Gen ND1 menjadi kunci utama

Penelitian yang dilakukan Institut Oseanologi Akademi Ilmu Pengetahuan China, Chinese University of Hong Kong, dan Northwestern Polytechnical University menemukan bahwa kunci ketahanan isopoda raksasa ini tidak hanya terletak pada cadangan energi tubuh. Tim juga mengidentifikasi gen penting bernama ND1 yang berperan mengatur pemakaian energi secara sangat efisien.

Yang paling mengejutkan, ND1 bukan gen asli isopoda.
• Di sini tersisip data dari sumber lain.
(* Let $f:[0,\infty)\to\mathbb{R}$ be convex with $f(1)=0$ and $G:[0,\mathsf{D_m}(f))\to[0,\infty)$ non-decreasing with $G(0)=0$. Then: (1) for a fixed channel $p_{Y|X}$ between finite alphabets, $I_{G,f}(X;Y)$ is a concave function of the input distribution $p_X$; (2) if $X\to Y\to Z$ is a Markov chain, then $I_{G,f}(X;Y)\ge I_{G,f}(X;Z)$; (3) if $X\to Y\to Z$ is a Markov chain, then $I_{G,f}(X;YZ)=I_{G,f}(X;Y)$ and $I_{G,f}(XY;Z)=I_{G,f}(Y;Z)$.
   Context: All random variables take values in finite sets. $D_f(p\|q)=\sum_y q(y) f(p(y)/q(y))$ with $0f(0/0)=0$; $\mathsf{D_m}(f)=f(0)+\lim_{t\to\infty}f(t)/t$. $I_{G,f}(X;Y)=\min_{q_Y}\sum_x p_X(x)\,G(D_f(p_{Y|X=x}\|q_Y))$, minimum over distributions on the alphabet of $Y$. $X\to Y\to Z$ Markov means $X$ and $Z$ are conditionally independent given $Y$. *)

theory Defs
  imports "HOL-Analysis.Analysis"
begin

definition is_dist :: "('a::finite \<Rightarrow> real) \<Rightarrow> bool" where
  "is_dist p \<longleftrightarrow> (\<forall>a. 0 \<le> p a) \<and> (\<Sum>a\<in>UNIV. p a) = 1"

text \<open>Slope at infinity  lim_{t\<rightarrow>\<infinity>} f(t)/t  (exists in the extended reals for convex f).\<close>
definition slope_inf :: "(real \<Rightarrow> real) \<Rightarrow> ereal" where
  "slope_inf f = Lim at_top (\<lambda>t. ereal (f t / t))"

definition Dm :: "(real \<Rightarrow> real) \<Rightarrow> ereal" where
  "Dm f = ereal (f 0) + slope_inf f"

definition fdiv :: "(real \<Rightarrow> real) \<Rightarrow> ('b::finite \<Rightarrow> real) \<Rightarrow> ('b \<Rightarrow> real) \<Rightarrow> ereal" where
  "fdiv f p q = (\<Sum>y\<in>UNIV.
     (if q y > 0 then ereal (q y * f (p y / q y))
      else if p y = 0 then 0 else ereal (p y) * slope_inf f))"

text \<open>G is given on [0, D_m(f)); at arguments not below D_m(f) it is extended by its
  supremum (left limit, G being non-decreasing with G(0)=0).\<close>
definition Gext :: "(real \<Rightarrow> real) \<Rightarrow> (real \<Rightarrow> real) \<Rightarrow> ereal \<Rightarrow> ereal" where
  "Gext G f d = (if d < Dm f then ereal (G (real_of_ereal d))
      else (SUP t \<in> {0} \<union> {t. 0 \<le> t \<and> ereal t < Dm f}. ereal (G t)))"

text \<open>The conditional for p_A(a) = 0
  is irrelevant since it is weighted by 0 (and 0 * anything = 0 in ereal).\<close>
definition IGf :: "(real \<Rightarrow> real) \<Rightarrow> (real \<Rightarrow> real) \<Rightarrow> ('a::finite \<times> 'b::finite \<Rightarrow> real) \<Rightarrow> ereal" where
  "IGf G f P = (INF q \<in> {q. is_dist q}.
      \<Sum>a\<in>UNIV. ereal (\<Sum>b\<in>UNIV. P (a, b)) *
         Gext G f (fdiv f (\<lambda>b. P (a, b) / (\<Sum>b'\<in>UNIV. P (a, b'))) q))"

text \<open>X \<rightarrow> Y \<rightarrow> Z Markov for a joint pmf P on X\<times>Y\<times>Z: X and Z conditionally independent given Y.\<close>
definition markov_chain :: "('x::finite \<times> 'y::finite \<times> 'z::finite \<Rightarrow> real) \<Rightarrow> bool" where
  "markov_chain P \<longleftrightarrow> (\<forall>x y z. P (x, y, z) * (\<Sum>x'\<in>UNIV. \<Sum>z'\<in>UNIV. P (x', y, z'))
      = (\<Sum>z'\<in>UNIV. P (x, y, z')) * (\<Sum>x'\<in>UNIV. P (x', y, z)))"

end

theory Submission
  imports Defs
begin

(* The f-divergence is a sum of values of the perspective (a, b) |-> b f(a/b) of f, closed at
   b = 0 by the slope of f at infinity. The perspective is positively homogeneous and, by
   convexity of f, subadditive; this gives D_f >= 0 and the data processing inequality
   D_f(pK || qK) <= D_f(p || q) for every stochastic kernel K.

   Writing a joint law as p(x) W(y|x), the quantity minimised in I_{G,f} is linear in p, so its
   infimum over q is concave in p. Garbling the output by a kernel K and replacing q by qK can
   only decrease each divergence, and G is monotone, so garbling cannot increase I_{G,f}. Under
   the Markov property Z is a garbling of Y, while Y and (Y, Z) are garblings of each other; and
   in I_{G,f}(XY; Z) the channel depends on Y only, so X can be summed out of the input. *)

lemma mono_on_tendsto_at_top_SUP:
  fixes g :: "real \<Rightarrow> 'a::{complete_linorder, linorder_topology}"
  assumes g: "mono_on {a..} g"
  shows "(g \<longlongrightarrow> (SUP t\<in>{a..}. g t)) at_top"
proof (rule order_tendstoI)
  fix y assume "y < (SUP t\<in>{a..}. g t)"
  then obtain t0 where "a \<le> t0" "y < g t0" by (auto simp: less_SUP_iff)
  then have "\<forall>t\<ge>t0. y < g t"
    using g by (meson atLeast_iff less_le_trans mono_onD order_trans)
  then show "\<forall>\<^sub>F t in at_top. y < g t" by (auto simp: eventually_at_top_linorder)
next
  fix y assume "(SUP t\<in>{a..}. g t) < y"
  then have "\<forall>t\<ge>a. g t < y" by (meson SUP_upper atLeast_iff le_less_trans)
  then show "\<forall>\<^sub>F t in at_top. g t < y" by (auto simp: eventually_at_top_linorder)
qed

lemma convex_on_slope_mono:
  fixes f :: "real \<Rightarrow> real"
  assumes "convex_on I f" "x \<in> I" "z \<in> I" "x < y" "y < z"
  shows "(f y - f x) / (y - x) \<le> (f z - f x) / (z - x)"
  using convex_on_slope_le(1)[OF assms] by (metis minus_diff_eq minus_divide_divide)

lemma slope_inf_tendsto:
  assumes cf: "convex_on {0..} f"
  shows "((\<lambda>t. ereal (f t / t)) \<longlongrightarrow> slope_inf f) at_top"
proof -
  define g where "g t = ereal ((f t - f 0) / t)" for t
  have "mono_on {1..} g"
  proof (rule mono_onI)
    fix s t :: real assume "s \<in> {1..}" "t \<in> {1..}" "s \<le> t"
    then show "g s \<le> g t"
      using convex_on_slope_mono[OF cf, of 0 t s] by (cases "s = t") (auto simp: g_def)
  qed
  then have "(g \<longlongrightarrow> (SUP t\<in>{1..}. g t)) at_top" by (rule mono_on_tendsto_at_top_SUP)
  moreover have "((\<lambda>t. ereal (f 0 / t)) \<longlongrightarrow> ereal 0) at_top"
    by (intro tendsto_intros tendsto_divide_0[OF tendsto_const]
        filterlim_at_top_imp_at_infinity[OF filterlim_ident])
  ultimately have "((\<lambda>t. g t + ereal (f 0 / t)) \<longlongrightarrow> (SUP t\<in>{1..}. g t) + ereal 0) at_top"
    by (intro tendsto_add_ereal_general1) simp_all
  moreover have "\<forall>\<^sub>F t in at_top. g t + ereal (f 0 / t) = ereal (f t / t)"
    using eventually_gt_at_top[of 0] by eventually_elim (simp add: g_def diff_divide_distrib)
  ultimately have "((\<lambda>t. ereal (f t / t)) \<longlongrightarrow> (SUP t\<in>{1..}. g t)) at_top"
    by (simp add: Lim_transform_eventually)
  moreover from this have "slope_inf f = (SUP t\<in>{1..}. g t)"
    unfolding slope_inf_def by (rule tendsto_Lim[rotated]) simp
  ultimately show ?thesis by simp
qed

lemma chord_slope_le_slope_inf:
  assumes cf: "convex_on {0..} f" and u: "0 \<le> u" and v: "0 < v"
  shows "ereal ((f (u + v) - f u) / v) \<le> slope_inf f"
proof -
  define c where "c = (f (u + v) - f u) / v"
  have below: "\<forall>\<^sub>F T in at_top. ereal (c + (f u - c * u) / T) \<le> ereal (f T / T)"
    using eventually_gt_at_top[of "u + v"]
  proof eventually_elim
    case (elim T)
    have "c \<le> (f T - f u) / (T - u)"
      using convex_on_slope_mono[OF cf, of u T "u + v"] u v elim by (simp add: c_def)
    then have "c * T + (f u - c * u) \<le> f T"
      using elim v by (simp add: le_divide_eq algebra_simps)
    then have "(c * T + (f u - c * u)) / T \<le> f T / T"
      using elim u v by (simp add: divide_right_mono)
    then show ?case
      using elim u v by (simp add: add_divide_distrib)
  qed
  have "((\<lambda>T. c + (f u - c * u) / T) \<longlongrightarrow> c + 0) at_top"
    by (intro tendsto_intros tendsto_divide_0[OF tendsto_const]
        filterlim_at_top_imp_at_infinity[OF filterlim_ident])
  then have "((\<lambda>T. ereal (c + (f u - c * u) / T)) \<longlongrightarrow> ereal c) at_top"
    by (simp add: tendsto_ereal)
  then show ?thesis
    unfolding c_def[symmetric]
    by (rule tendsto_le[OF trivial_limit_at_top_linorder slope_inf_tendsto[OF cf] _ below])
qed

lemma slope_inf_neq_MInf:
  assumes "convex_on {0..} f"
  shows "slope_inf f \<noteq> -\<infinity>"
  using chord_slope_le_slope_inf[OF assms, of 0 1] by auto

definition persp :: "(real \<Rightarrow> real) \<Rightarrow> real \<Rightarrow> real \<Rightarrow> ereal" where
  "persp f a b =
     (if b > 0 then ereal (b * f (a / b)) else if a = 0 then 0 else ereal a * slope_inf f)"

lemma fdiv_eq_sum_persp: "fdiv f p q = (\<Sum>y\<in>UNIV. persp f (p y) (q y))"
  by (simp add: fdiv_def persp_def)

lemma persp_zero_right: "persp f a 0 = ereal a * slope_inf f"
  by (simp add: persp_def zero_ereal_def[symmetric])

lemma persp_scale:
  assumes "0 \<le> c" "0 \<le> a" "0 \<le> b"
  shows "persp f (c * a) (c * b) = ereal c * persp f a b"
  using assms by (cases "c = 0"; cases "b = 0")
    (simp_all add: persp_def persp_zero_right zero_ereal_def[symmetric] mult.assoc[symmetric])

lemma convex_on_perspective_add_le:
  assumes cf: "convex_on {0..} f"
    and "0 \<le> a1" "0 \<le> a2" "0 < b1" "0 < b2"
  shows "(b1 + b2) * f ((a1 + a2) / (b1 + b2)) \<le> b1 * f (a1 / b1) + b2 * f (a2 / b2)"
proof -
  define t where "t = b2 / (b1 + b2)"
  have t: "0 \<le> t" "t \<le> 1" "1 - t = b1 / (b1 + b2)"
    using assms by (auto simp: t_def field_simps)
  have "(1 - t) * (a1 / b1) = a1 / (b1 + b2)" "t * (a2 / b2) = a2 / (b1 + b2)"
    unfolding t(3) using assms by (simp_all add: t_def)
  then have "(1 - t) *\<^sub>R (a1 / b1) + t *\<^sub>R (a2 / b2) = (a1 + a2) / (b1 + b2)"
    by (simp add: add_divide_distrib)
  then have "f ((a1 + a2) / (b1 + b2)) \<le> (1 - t) * f (a1 / b1) + t * f (a2 / b2)"
    using convex_onD[OF cf t(1,2), of "a1 / b1" "a2 / b2"] assms by simp
  then have "(b1 + b2) * f ((a1 + a2) / (b1 + b2))
      \<le> (b1 + b2) * ((1 - t) * f (a1 / b1) + t * f (a2 / b2))"
    using assms by (simp add: mult_left_mono)
  also have "\<dots> = b1 * f (a1 / b1) + b2 * f (a2 / b2)"
    unfolding t(3) using assms by (simp add: t_def distrib_left)
  finally show ?thesis .
qed

lemma persp_add_le_persp_zero:
  assumes cf: "convex_on {0..} f" and b: "0 < b" and a: "0 \<le> a" and a': "0 \<le> a'"
  shows "persp f (a + a') b \<le> persp f a b + persp f a' 0"
proof (cases "a' = 0")
  case True
  then show ?thesis by (simp add: persp_zero_right zero_ereal_def[symmetric])
next
  case False
  with a' have "0 < a' / b" using b by simp
  then have chord: "ereal ((f (a / b + a' / b) - f (a / b)) / (a' / b)) \<le> slope_inf f"
    using a b by (intro chord_slope_le_slope_inf[OF cf]) simp_all
  show ?thesis
  proof (cases "slope_inf f")
    case (real s)
    with chord have "(f (a / b + a' / b) - f (a / b)) / (a' / b) \<le> s"
      by (metis ereal_less_eq(3))
    with \<open>0 < a' / b\<close> have "f (a / b + a' / b) - f (a / b) \<le> s * (a' / b)"
      by (simp only: pos_divide_le_eq)
    then have "b * (f (a / b + a' / b) - f (a / b)) \<le> b * (s * (a' / b))"
      using b by (intro mult_left_mono) auto
    then have "b * f ((a + a') / b) \<le> b * f (a / b) + a' * s"
      using b by (simp add: algebra_simps add_divide_distrib)
    then show ?thesis using real b by (simp add: persp_def persp_zero_right)
  next
    case PInf
    then show ?thesis using False a' b by (simp add: persp_def persp_zero_right)
  next
    case MInf
    then show ?thesis using slope_inf_neq_MInf[OF cf] by simp
  qed
qed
Para peneliti menyebut gen itu diperoleh dari bakteri simbiosis eksternal melalui transfer gen horizontal, lalu mengalami optimisasi epigenetik agar bisa dipakai untuk mengendalikan konsumsi energi dengan presisi tinggi.
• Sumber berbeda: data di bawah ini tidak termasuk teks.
lemma riemann_covd_contract: "x \<in> U \<Longrightarrow> (\<Sum>d\<in>UNIV. riemann_covd a d e d c x) = covd (ricci g) a c e x"
proof -
  assume x: "x \<in> U"
  have "(\<Sum>d\<in>UNIV. partial a (riemann d e d c) x) = partial a (ricci g c e) x"
    unfolding ricci_eq_riemann[abs_def] by (simp add: partial_sum riemannian_differentiable[OF x])
  moreover have "(\<Sum>d\<in>UNIV. riemann_covd a d e d c x) = (\<Sum>d\<in>UNIV. partial a (riemann d e d c) x)
     + (\<Sum>d\<in>UNIV. \<Sum>p\<in>UNIV. \<Gamma> d a p x * riemann p e d c x) - (\<Sum>d\<in>UNIV. \<Sum>p\<in>UNIV. \<Gamma> p a e x * riemann d p d c x)
     - (\<Sum>d\<in>UNIV. \<Sum>p\<in>UNIV. \<Gamma> p a d x * riemann d e p c x) - (\<Sum>d\<in>UNIV. \<Sum>p\<in>UNIV. \<Gamma> p a c x * riemann d e d p x)"
    unfolding riemann_covd_def by (simp add: sum.distrib sum_subtractf)
  moreover have "(\<Sum>d\<in>UNIV. \<Sum>p\<in>UNIV. \<Gamma> p a d x * riemann d e p c x)
      = (\<Sum>d\<in>UNIV. \<Sum>p\<in>UNIV. \<Gamma> d a p x * riemann p e d c x)"
    by (rule sum.swap)
  moreover have "(\<Sum>d\<in>UNIV. \<Sum>p\<in>UNIV. \<Gamma> p a e x * riemann d p d c x) = (\<Sum>p\<in>UNIV. \<Gamma> p a e x * ricci g c p x)"
    by (subst sum.swap) (simp add: ricci_eq_riemann sum_distrib_left)
  moreover have "(\<Sum>d\<in>UNIV. \<Sum>p\<in>UNIV. \<Gamma> p a c x * riemann d e d p x) = (\<Sum>p\<in>UNIV. \<Gamma> p a c x * ricci g p e x)"
    by (subst sum.swap) (simp add: ricci_eq_riemann sum_distrib_left)
  ultimately show ?thesis unfolding covd_def by linarith
qed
Yuan Jianbo dari Institut Oseanologi Akademi Ilmu Pengetahuan China menilai temuan tersebut membantu menjelaskan toleransi kelaparan yang sangat panjang pada isopoda laut dalam. Ia juga menyebutnya sebagai paradigma penting untuk memahami bagaimana kehidupan menyeimbangkan pertumbuhan dan kelangsungan hidup di lingkungan ekstrem.

Tubuh besar, metabolisme sangat rendah

Selain faktor genetik, struktur tubuh isopoda ini juga mendukung daya tahannya. Perutnya sangat besar dan menempati sekitar dua pertiga tubuh, sehingga berfungsi seperti gudang penyimpanan energi.

Saat makanan tersedia, hewan ini dapat makan dalam jumlah besar secara oportunistis. Cadangan energi itu lalu disimpan selama berbulan-bulan bahkan bertahun-tahun untuk menopang hidup di habitat yang jarang memberi pasokan makanan.

Strategi lain yang tidak kalah penting adalah mempertahankan tingkat metabolisme dasar yang sangat rendah. Dengan kata lain, tubuh isopoda berada dalam mode hemat energi hampir terus-menerus.

Gabungan dua ciri itu membuat pola makan sesekali bisa berubah menjadi cadangan energi jangka sangat panjang. Inilah yang membantu menjawab bagaimana hewan berukuran besar tetap bisa bertahan di laut dalam yang serba kekurangan.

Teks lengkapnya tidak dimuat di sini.